Last
week was filled with a cousins’ reunion and a nephew’s wedding. I will write
about them in the next week or two, but for now I am reprinting a post I wrote
for the Indiana Writers' Consortium blog on June 3, 2015.
No
Travel Logs, Please
In March, I attended IWC’s Paper Fields
workshop and took two sessions on travel writing from Kenneth Tressler. One of
the points he made was that travel magazines don’t want travel logs.
Consider these two opening paragraphs.
Our trip to
Utah began on September 2, 2014 with a flight into McCarran International
Airport at Las Vegas, Nevada.
or
As I stood
in the middle of the Sevier Desert, I drowned in the bleakness and isolation of
the parched terrain. How could 8,000 Japanese Americans live crammed together
in this one square mile of desolate landscape without losing their sanity? Yet,
somehow, they did just that.
Both openings are true, but I’d rather
read—and write—the second one. Good travel writing is creative non-fiction and
should tell a story. Yes, give pertinent information about the trip, including
your favorite places to eat and stay along the route. But don’t bore your audience.
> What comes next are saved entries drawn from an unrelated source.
lemma locally_trace_defines_if_embeds:
  fixes RM :: "'r \<Rightarrow> 'a list \<Rightarrow> bool" and RN :: "'s \<Rightarrow> 'b list \<Rightarrow> bool"
  assumes embeds: "\<And>k d V E. 2 \<le> k \<Longrightarrow> zero_def_hypergraph RM k d V E \<Longrightarrow>
    \<exists>d' W F f. def_hypergraph RN k d' W F \<and> hg_embedding k f V E W F"
  shows "locally_trace_defines RN RM"
  unfolding locally_trace_defines_iff_pullback
proof (intro exI[of _ UNIV] allI impI)
  fix m X assume "definable RM m X"
  then obtain \<phi> c where X: "X = {as. length as = m \<and> sat RM (as @ c) \<phi>}"
    unfolding definable_def by blast
  have "\<exists>fs idx. pullback_of_definable RN fs idx m X"
  proof (cases "0 < m \<and> (\<exists>u w :: 'a. u \<noteq> w)")
    case False
    then have "m = 0 \<or> (\<forall>u w :: 'a. u = w)" by auto
    then show ?thesis
      by (intro exI[of _ "[]"] pullback_of_definable_Nil list_eq_if_length_zero_or_subsingleton) (auto simp: X)
  next
    case True
    then obtain u w :: 'a where uw: "u \<noteq> w" and "0 < m" by blast
    \<comment> \<open>\<open>K \<ge> 2\<close>; the vertex of sort \<open>m\<close> only pads the edge and carries the dummy point \<open>as ! 0\<close>.\<close>
    define K where "K = Suc m"
    define \<iota> where "\<iota> i = (if i < m then i else 0)" for i
    have "zero_def_hypergraph RM K (K + 2 + length c) (sort_vertices K (length c))
        (sym_closure (sorted_edges RM \<phi> m K (length c)))"
      by (rule zero_def_hypergraph_sorted_edges) (simp add: K_def)
    moreover have "2 \<le> K" using \<open>0 < m\<close> by (simp add: K_def)
    ultimately obtain d' W F f where F: "def_hypergraph RN K d' W F"
      and emb: "hg_embedding K f (sort_vertices K (length c))
        (sym_closure (sorted_edges RM \<phi> m K (length c))) W F"
      using embeds by blast
    have "X = {as. length as = m \<and> map (\<lambda>i. sort_vertex u w K c i (as ! \<iota> i)) [0..<K]
        \<in> sym_closure (sorted_edges RM \<phi> m K (length c))}"
      using sort_vertex_tuple_edge_iff[OF uw, of m K _ c RM \<phi>]
      by (auto simp: X K_def \<iota>_def)
    then show ?thesis
      using sort_vertex_in_sort_vertices[OF uw] \<open>0 < m\<close>
      by (simp only:) (rule pullback_of_definable_edge_preimage[OF emb F]; simp add: \<iota>_def)
  qed
  then show "\<exists>fs idx. set fs \<subseteq> UNIV \<and> pullback_of_definable RN fs idx m X" by blast
qed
Write the story you would want to read if it were written by someone else.
Good travel writing also proves the cliché
that a picture is worth a thousand words. Consider this picture, which I took
through the windshield while driving along U.S. 89 in Utah. (No, I wasn’t behind
the wheel.)
I could have said that the blue sky accentuated the red rock formations striated with tans and browns. Or I could have used many more words in an attempt to describe the landscape. But the picture says it better than I ever could.
Travel magazines want photos to go along
with the story. So if you want to sell an article about your trip, take along a
good camera. For use on the Internet, a cell phone might do. But if you want to
submit a feature article to a print magazine, you need a camera with high
resolution and interchangeable lenses.
As you vacation this summer, go ahead and
take the logbook along. It’s good for notes that aid your memory.
But it makes a terrible travel article.